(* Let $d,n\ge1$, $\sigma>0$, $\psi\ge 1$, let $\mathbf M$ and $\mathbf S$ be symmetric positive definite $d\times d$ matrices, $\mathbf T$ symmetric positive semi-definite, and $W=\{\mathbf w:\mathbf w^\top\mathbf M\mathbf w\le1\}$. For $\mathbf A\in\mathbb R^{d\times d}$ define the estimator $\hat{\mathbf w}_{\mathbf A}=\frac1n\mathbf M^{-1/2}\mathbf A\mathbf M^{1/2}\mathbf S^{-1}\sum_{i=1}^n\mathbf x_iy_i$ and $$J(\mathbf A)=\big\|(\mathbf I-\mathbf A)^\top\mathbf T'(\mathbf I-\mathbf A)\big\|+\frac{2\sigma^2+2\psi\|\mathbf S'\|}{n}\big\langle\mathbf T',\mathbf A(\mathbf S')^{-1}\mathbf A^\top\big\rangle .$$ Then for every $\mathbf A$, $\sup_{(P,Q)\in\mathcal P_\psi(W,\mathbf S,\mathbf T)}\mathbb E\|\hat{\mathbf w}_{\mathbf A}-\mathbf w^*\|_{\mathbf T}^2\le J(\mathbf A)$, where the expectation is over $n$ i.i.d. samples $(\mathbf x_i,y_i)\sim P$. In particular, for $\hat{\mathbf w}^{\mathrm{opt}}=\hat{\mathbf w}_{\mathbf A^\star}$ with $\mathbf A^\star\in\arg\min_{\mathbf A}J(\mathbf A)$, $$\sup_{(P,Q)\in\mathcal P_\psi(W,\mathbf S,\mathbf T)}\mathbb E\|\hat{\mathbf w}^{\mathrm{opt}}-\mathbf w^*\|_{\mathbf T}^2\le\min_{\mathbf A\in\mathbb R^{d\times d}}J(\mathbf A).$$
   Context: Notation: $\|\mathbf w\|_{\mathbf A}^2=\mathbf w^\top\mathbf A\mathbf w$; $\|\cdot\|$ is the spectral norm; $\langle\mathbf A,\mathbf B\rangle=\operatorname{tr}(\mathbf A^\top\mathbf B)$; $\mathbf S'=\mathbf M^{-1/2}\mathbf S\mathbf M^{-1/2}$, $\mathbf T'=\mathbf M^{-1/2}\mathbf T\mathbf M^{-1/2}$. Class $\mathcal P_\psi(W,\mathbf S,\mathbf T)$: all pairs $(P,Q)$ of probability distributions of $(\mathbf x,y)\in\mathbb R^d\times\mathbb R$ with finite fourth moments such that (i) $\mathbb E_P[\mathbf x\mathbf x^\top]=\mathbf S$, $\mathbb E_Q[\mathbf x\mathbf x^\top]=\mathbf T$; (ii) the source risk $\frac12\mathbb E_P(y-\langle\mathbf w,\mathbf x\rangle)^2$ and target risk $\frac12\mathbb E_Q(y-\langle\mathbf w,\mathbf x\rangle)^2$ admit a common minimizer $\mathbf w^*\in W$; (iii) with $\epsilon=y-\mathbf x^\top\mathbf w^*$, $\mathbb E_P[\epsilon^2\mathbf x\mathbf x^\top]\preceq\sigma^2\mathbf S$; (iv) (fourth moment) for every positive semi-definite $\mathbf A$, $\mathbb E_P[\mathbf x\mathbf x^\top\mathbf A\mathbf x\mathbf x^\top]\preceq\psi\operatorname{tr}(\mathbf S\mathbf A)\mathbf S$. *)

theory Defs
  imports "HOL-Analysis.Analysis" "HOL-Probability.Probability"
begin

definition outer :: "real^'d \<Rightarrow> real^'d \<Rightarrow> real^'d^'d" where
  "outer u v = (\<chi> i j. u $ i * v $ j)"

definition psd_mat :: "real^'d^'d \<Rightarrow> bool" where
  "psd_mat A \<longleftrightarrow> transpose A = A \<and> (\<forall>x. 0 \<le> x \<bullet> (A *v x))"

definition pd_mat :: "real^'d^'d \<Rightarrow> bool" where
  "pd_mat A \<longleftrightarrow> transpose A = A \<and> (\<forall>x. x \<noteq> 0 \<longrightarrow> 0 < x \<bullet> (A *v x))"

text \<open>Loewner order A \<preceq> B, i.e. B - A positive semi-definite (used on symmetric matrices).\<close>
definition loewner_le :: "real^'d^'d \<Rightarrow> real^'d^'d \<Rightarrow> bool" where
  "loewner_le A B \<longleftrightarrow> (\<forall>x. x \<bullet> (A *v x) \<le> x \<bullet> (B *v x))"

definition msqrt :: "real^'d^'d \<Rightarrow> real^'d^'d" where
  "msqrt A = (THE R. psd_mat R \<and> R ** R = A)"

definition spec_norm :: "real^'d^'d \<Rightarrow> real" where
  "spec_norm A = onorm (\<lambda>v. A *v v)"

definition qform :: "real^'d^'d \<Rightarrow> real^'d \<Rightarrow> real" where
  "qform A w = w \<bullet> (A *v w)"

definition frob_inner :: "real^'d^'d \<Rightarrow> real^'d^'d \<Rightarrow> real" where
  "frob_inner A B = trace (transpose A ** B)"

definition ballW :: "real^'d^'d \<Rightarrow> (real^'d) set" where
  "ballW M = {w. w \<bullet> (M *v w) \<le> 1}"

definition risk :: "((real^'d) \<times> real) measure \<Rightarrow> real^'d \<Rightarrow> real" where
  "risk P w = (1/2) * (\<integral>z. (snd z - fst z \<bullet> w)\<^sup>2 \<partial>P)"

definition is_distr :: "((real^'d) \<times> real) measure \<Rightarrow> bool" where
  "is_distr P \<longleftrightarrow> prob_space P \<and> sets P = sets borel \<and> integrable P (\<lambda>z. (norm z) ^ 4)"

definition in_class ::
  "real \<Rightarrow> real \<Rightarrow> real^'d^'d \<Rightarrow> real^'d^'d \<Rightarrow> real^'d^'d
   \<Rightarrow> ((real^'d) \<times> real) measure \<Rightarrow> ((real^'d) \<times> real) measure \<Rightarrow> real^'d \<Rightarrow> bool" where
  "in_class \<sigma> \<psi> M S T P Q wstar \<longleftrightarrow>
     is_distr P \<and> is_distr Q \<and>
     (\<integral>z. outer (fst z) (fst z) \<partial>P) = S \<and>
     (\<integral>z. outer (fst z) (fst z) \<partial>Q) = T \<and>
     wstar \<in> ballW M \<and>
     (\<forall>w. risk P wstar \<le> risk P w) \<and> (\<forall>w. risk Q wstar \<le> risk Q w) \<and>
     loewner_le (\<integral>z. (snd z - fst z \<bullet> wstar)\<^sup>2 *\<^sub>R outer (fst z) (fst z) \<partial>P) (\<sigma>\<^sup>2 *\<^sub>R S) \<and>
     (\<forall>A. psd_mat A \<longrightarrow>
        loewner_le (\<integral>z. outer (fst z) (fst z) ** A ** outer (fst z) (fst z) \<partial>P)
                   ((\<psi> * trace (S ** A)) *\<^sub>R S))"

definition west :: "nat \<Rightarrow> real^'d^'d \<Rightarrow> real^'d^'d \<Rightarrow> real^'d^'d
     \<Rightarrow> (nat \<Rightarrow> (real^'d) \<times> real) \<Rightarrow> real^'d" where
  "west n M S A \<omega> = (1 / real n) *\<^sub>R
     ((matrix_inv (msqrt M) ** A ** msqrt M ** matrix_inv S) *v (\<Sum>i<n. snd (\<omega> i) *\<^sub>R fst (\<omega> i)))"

═══

→ Required work: What you return should be exactly the lines above, starting at the one with "P \<longleftrightarrow> prob_space" and ending at the one with "real \<Rightarrow> real^'d^'d", and nothing else.

→ Written solution:
  "is_distr P \<longleftrightarrow> prob_space P \<and> sets P = sets borel \<and> integrable P (\<lambda>z. (norm z) ^ 4)"

definition in_class ::
  "real \<Rightarrow> real \<Rightarrow> real^'d^'d \<Rightarrow> real^'d^'d \<Rightarrow> real^'d^'d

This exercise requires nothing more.